Comme l’affirmait Roland Barthes, « ils n’ont servi à rien sauf à recycler les déchets de leurs constructions ou mondanités intellectuelles » de Sartre à Sollers ou B.H. Lévy en passant par Althusser ou Foucault (« la révolution est-elle bien nécessaire ? ») et ces brillants universitaires structuralistes ou (dé-)constructivistes de la rue d’Ulm et de nos Ecoles de Sciences Sociales, si prolixes en « bourdieuseries » diverses ! Ils ont néanmoins réussi à entraîner dans leur erreur et leur insignifiance nos grandes figures de l’humanitarisme moderne et du commentaire médiatique consensualisé ainsi que des générations de jeunes gens à qui ils ont appris à penser faux en les égarant dans le confortable totalitarisme de notre bien-pensance de masse !

 

Sommaire

-La civilisation européenne a bouleversé l’ordre du monde … le progrès de l’homme doit être repensé dans un espace désormais clos qui cherche un nouvel équilibre

-L’après-guerre a fini par accoucher d’un « peuple de petit-bourgeois convenablement repus et largement protégés mais insatisfaits et insatiables »

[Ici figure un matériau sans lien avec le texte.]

lemma mult_le_one_if_le_one: "(x::real) \<le> 1 \<Longrightarrow> t \<in> {0<..1} \<Longrightarrow> x * t \<le> 1"
  by (cases "0 \<le> x") (auto simp: mult_le_one mult_nonpos_nonneg)

definition superlevel :: "'a topology \<Rightarrow> ('a \<Rightarrow> real) \<Rightarrow> real \<Rightarrow> 'a set" where
  "superlevel X \<phi> t = {x \<in> topspace X. t \<le> \<phi> x}"

definition shilkret_integral :: "'a topology \<Rightarrow> ('a \<Rightarrow> real) \<Rightarrow> ('a set \<Rightarrow> real) \<Rightarrow> real" where
  "shilkret_integral X \<phi> c = (SUP t\<in>{0<..1}. c (superlevel X \<phi> t) * t)"

lemma superlevel_antimono: "s \<le> t \<Longrightarrow> superlevel X \<phi> t \<subseteq> superlevel X \<phi> s"
  unfolding superlevel_def by auto

lemma closedin_superlevel:
  assumes "continuous_map X unit_interval \<phi>"
  shows "closedin X (superlevel X \<phi> t)"
proof -
  have "continuous_map X euclideanreal \<phi>"
    using assms continuous_map_in_subtopology unfolding unit_interval_def by blast
  then have "closedin X {x \<in> topspace X. \<phi> x \<in> {t..}}"
    by (rule closedin_continuous_map_preimage) simp
  then show ?thesis by (simp add: superlevel_def)
qed

lemma shilkret_integral_le:
  "(\<And>t. t \<in> {0<..1} \<Longrightarrow> c (superlevel X \<phi> t) * t \<le> B) \<Longrightarrow> shilkret_integral X \<phi> c \<le> B"
  unfolding shilkret_integral_def by (rule SUP_Ioc_least)

lemma le_shilkret_integral:
  "(\<And>F. c F \<le> 1) \<Longrightarrow> t \<in> {0<..1} \<Longrightarrow> c (superlevel X \<phi> t) * t \<le> shilkret_integral X \<phi> c"
  unfolding shilkret_integral_def by (rule SUP_Ioc_upper[where B=1]) (auto intro: mult_le_one_if_le_one)

lemma less_shilkret_integral:
  "B < shilkret_integral X \<phi> c \<Longrightarrow> \<exists>t\<in>{0<..1}. B < c (superlevel X \<phi> t) * t"
  unfolding shilkret_integral_def by (rule less_SUP_Ioc)

lemma shilkret_integral_bounds:
  assumes "capacity X c"
  shows "0 \<le> shilkret_integral X \<phi> c" "shilkret_integral X \<phi> c \<le> 1"
proof -
  have "c (superlevel X \<phi> 1) * 1 \<le> shilkret_integral X \<phi> c"
    by (intro le_shilkret_integral capacity_le_one[OF assms]) auto
  then show "0 \<le> shilkret_integral X \<phi> c"
    using capacity_nonneg[OF assms, of "superlevel X \<phi> 1"] by simp
  show "shilkret_integral X \<phi> c \<le> 1"
    using assms by (auto intro: shilkret_integral_le mult_le_one_if_le_one capacity_le_one)
qed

-Dans notre démocratie sociale en froid avec l’idée de grandeur, les acteurs politiques et sociaux flattent plus la gloutonnerie, le conservatisme et l’aversion au risque de leur « clientèle » qu’ils ne lui prêchent la nécessité de l’effort

-Nos intellectuels n’ont pas nécessairement l’intelligence du monde … du penser-faux à la bien-pensance de masse, ils ont de façon très légère, conduit et cautionné le processus de déliquescence de cette société de petit-bourgeois égotistes et peureux …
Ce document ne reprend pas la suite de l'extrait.